# [Exercise objective]
Look through the lines below, find those with the word "assumes", and copy them.

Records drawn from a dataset
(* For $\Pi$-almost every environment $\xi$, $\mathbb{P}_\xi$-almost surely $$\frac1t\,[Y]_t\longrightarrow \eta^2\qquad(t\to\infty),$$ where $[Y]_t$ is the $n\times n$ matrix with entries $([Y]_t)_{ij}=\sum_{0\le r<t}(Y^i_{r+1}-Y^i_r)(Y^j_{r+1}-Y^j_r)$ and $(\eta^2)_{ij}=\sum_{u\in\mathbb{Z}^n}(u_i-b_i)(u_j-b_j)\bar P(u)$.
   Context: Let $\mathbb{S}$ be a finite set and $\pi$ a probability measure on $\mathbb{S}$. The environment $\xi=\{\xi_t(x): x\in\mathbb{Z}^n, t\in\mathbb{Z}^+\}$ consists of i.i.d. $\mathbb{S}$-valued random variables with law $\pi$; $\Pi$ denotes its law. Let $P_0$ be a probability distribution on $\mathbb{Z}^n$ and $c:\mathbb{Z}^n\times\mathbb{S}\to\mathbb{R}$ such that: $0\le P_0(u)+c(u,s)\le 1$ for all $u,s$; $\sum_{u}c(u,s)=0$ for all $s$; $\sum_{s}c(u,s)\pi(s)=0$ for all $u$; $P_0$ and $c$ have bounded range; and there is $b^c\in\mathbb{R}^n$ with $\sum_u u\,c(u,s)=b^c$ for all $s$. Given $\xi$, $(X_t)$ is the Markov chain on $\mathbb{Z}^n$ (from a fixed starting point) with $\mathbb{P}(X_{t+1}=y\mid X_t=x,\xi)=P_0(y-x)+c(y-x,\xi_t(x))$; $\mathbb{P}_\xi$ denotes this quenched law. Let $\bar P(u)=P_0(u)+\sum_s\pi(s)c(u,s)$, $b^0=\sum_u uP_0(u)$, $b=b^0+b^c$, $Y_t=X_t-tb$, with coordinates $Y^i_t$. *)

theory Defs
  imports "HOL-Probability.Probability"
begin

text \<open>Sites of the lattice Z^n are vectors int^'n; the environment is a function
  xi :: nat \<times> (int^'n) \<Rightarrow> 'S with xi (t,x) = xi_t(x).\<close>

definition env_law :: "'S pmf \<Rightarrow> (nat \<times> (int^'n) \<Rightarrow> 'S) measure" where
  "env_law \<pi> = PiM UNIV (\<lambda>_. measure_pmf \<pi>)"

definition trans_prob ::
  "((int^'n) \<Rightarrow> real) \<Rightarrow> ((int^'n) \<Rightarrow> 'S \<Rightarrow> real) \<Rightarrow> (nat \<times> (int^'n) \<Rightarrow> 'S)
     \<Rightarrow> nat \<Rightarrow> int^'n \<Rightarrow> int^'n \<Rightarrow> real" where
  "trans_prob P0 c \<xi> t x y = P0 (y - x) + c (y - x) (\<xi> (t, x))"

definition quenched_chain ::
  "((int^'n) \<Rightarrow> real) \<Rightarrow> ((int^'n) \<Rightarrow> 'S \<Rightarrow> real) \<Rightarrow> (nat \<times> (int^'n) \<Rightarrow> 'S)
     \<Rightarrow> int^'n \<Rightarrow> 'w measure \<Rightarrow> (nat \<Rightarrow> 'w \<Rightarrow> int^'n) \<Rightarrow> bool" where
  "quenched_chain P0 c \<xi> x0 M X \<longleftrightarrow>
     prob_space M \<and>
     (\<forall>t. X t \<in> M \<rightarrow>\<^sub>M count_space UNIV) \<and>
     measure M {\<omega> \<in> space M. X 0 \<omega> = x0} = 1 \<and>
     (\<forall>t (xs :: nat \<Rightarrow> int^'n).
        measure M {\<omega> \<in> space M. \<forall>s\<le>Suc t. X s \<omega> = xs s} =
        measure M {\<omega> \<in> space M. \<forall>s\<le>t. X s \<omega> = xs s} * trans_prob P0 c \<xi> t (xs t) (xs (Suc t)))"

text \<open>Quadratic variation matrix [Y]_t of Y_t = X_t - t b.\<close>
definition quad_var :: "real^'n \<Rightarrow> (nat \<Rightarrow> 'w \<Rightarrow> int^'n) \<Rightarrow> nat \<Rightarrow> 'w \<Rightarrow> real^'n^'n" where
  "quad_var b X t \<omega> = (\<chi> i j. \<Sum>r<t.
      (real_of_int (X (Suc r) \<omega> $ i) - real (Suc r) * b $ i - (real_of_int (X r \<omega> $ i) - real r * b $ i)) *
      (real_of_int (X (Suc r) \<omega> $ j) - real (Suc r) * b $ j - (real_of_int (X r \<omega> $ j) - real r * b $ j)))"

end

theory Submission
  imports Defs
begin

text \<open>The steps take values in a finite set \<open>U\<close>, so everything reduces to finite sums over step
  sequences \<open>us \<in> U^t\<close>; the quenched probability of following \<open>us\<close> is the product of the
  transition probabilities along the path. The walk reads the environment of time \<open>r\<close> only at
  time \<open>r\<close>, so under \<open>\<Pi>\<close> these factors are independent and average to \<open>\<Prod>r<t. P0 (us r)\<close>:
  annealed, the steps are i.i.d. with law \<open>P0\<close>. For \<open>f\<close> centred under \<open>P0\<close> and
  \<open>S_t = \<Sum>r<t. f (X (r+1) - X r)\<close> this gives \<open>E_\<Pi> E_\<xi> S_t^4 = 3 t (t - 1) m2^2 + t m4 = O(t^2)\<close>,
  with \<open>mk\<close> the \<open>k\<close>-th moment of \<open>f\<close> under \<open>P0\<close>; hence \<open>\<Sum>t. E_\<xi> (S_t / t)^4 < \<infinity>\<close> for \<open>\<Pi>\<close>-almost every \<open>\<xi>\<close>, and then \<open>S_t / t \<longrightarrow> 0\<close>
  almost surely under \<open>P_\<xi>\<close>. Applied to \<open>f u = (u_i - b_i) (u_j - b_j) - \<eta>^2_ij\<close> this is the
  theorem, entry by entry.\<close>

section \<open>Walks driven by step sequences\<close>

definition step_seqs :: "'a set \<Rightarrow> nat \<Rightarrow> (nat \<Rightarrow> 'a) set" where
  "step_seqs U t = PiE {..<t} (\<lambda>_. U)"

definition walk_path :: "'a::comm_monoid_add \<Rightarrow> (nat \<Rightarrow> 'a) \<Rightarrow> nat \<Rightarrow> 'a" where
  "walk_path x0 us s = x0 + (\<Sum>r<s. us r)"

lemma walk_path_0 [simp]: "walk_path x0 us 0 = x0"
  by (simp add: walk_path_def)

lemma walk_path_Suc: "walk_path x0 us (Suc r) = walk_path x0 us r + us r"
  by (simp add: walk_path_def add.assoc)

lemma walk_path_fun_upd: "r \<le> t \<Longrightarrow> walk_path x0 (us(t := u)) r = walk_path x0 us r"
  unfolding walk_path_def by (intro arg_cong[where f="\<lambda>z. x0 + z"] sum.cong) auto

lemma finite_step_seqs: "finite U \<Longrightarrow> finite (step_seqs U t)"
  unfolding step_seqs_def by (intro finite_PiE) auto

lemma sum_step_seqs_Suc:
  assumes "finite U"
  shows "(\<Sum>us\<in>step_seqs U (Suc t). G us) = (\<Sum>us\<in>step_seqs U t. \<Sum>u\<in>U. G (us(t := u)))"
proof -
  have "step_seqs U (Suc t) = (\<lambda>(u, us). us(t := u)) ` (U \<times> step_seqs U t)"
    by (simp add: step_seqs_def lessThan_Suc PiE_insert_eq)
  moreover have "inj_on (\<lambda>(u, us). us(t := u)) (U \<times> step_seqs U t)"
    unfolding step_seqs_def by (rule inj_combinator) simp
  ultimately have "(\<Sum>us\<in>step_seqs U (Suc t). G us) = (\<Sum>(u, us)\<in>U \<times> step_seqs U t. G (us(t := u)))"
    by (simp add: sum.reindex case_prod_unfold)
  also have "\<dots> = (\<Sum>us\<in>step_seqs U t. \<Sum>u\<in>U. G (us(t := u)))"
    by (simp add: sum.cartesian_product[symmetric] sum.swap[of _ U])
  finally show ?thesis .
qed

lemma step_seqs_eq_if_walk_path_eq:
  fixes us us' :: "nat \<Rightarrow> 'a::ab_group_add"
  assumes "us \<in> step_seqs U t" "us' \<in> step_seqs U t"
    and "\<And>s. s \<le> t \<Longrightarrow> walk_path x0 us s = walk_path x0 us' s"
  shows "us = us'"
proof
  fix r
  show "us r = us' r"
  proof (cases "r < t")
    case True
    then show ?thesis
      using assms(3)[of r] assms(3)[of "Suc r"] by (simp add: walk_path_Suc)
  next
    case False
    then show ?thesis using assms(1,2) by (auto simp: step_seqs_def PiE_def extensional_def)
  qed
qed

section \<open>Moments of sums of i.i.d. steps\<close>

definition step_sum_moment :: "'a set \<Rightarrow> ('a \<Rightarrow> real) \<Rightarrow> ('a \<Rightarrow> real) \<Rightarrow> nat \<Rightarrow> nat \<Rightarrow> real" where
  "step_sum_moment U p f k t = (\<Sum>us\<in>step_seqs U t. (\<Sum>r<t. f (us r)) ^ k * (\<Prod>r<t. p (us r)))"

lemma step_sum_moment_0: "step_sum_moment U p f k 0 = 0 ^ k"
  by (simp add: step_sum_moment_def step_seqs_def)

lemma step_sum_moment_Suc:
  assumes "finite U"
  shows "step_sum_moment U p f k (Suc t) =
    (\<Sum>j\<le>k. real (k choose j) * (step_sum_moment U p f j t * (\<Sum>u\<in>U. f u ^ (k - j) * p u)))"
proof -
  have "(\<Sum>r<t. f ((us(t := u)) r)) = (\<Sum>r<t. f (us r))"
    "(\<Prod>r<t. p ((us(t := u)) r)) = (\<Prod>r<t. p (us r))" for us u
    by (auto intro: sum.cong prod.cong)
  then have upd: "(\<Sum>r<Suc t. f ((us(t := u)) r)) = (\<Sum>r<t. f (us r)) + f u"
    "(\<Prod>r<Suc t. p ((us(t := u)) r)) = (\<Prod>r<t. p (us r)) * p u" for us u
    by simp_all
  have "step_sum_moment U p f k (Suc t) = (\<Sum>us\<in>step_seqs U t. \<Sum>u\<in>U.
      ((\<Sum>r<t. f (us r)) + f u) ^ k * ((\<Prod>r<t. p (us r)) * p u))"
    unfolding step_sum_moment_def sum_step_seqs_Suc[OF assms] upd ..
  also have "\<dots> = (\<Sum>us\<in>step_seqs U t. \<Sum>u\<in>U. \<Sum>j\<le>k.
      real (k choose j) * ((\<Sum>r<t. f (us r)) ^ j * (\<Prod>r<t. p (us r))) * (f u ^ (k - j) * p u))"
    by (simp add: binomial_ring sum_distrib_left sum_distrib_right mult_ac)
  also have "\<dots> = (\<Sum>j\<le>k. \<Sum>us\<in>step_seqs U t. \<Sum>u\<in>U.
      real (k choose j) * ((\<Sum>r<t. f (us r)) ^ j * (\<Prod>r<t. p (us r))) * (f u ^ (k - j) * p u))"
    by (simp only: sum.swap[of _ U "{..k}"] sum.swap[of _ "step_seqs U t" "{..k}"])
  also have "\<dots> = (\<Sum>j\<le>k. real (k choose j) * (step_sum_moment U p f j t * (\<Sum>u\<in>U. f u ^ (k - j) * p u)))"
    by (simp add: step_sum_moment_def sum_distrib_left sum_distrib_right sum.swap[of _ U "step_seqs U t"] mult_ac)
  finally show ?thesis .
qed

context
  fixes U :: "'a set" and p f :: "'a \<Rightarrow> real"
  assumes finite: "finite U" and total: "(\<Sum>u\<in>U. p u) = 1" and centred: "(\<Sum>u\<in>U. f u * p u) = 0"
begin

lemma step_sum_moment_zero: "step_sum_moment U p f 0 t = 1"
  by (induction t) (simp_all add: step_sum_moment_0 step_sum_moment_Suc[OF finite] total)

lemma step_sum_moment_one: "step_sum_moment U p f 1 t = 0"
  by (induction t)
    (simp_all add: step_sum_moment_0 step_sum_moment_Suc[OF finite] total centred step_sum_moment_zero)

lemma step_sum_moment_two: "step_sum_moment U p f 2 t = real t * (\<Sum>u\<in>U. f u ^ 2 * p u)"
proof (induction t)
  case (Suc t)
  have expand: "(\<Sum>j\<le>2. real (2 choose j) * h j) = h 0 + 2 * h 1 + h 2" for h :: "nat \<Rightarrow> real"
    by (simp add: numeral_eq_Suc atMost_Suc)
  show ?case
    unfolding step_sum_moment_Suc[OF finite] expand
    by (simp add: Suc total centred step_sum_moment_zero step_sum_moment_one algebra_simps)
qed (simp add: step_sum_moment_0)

# [Exercise solution]
  assumes "finite U"
  assumes "us \<in> step_seqs U t" "us' \<in> step_seqs U t"
  assumes "finite U"
  assumes finite: "finite U" and total: "(\<Sum>u\<in>U. p u) = 1" and centred: "(\<Sum>u\<in>U. f u * p u) = 0"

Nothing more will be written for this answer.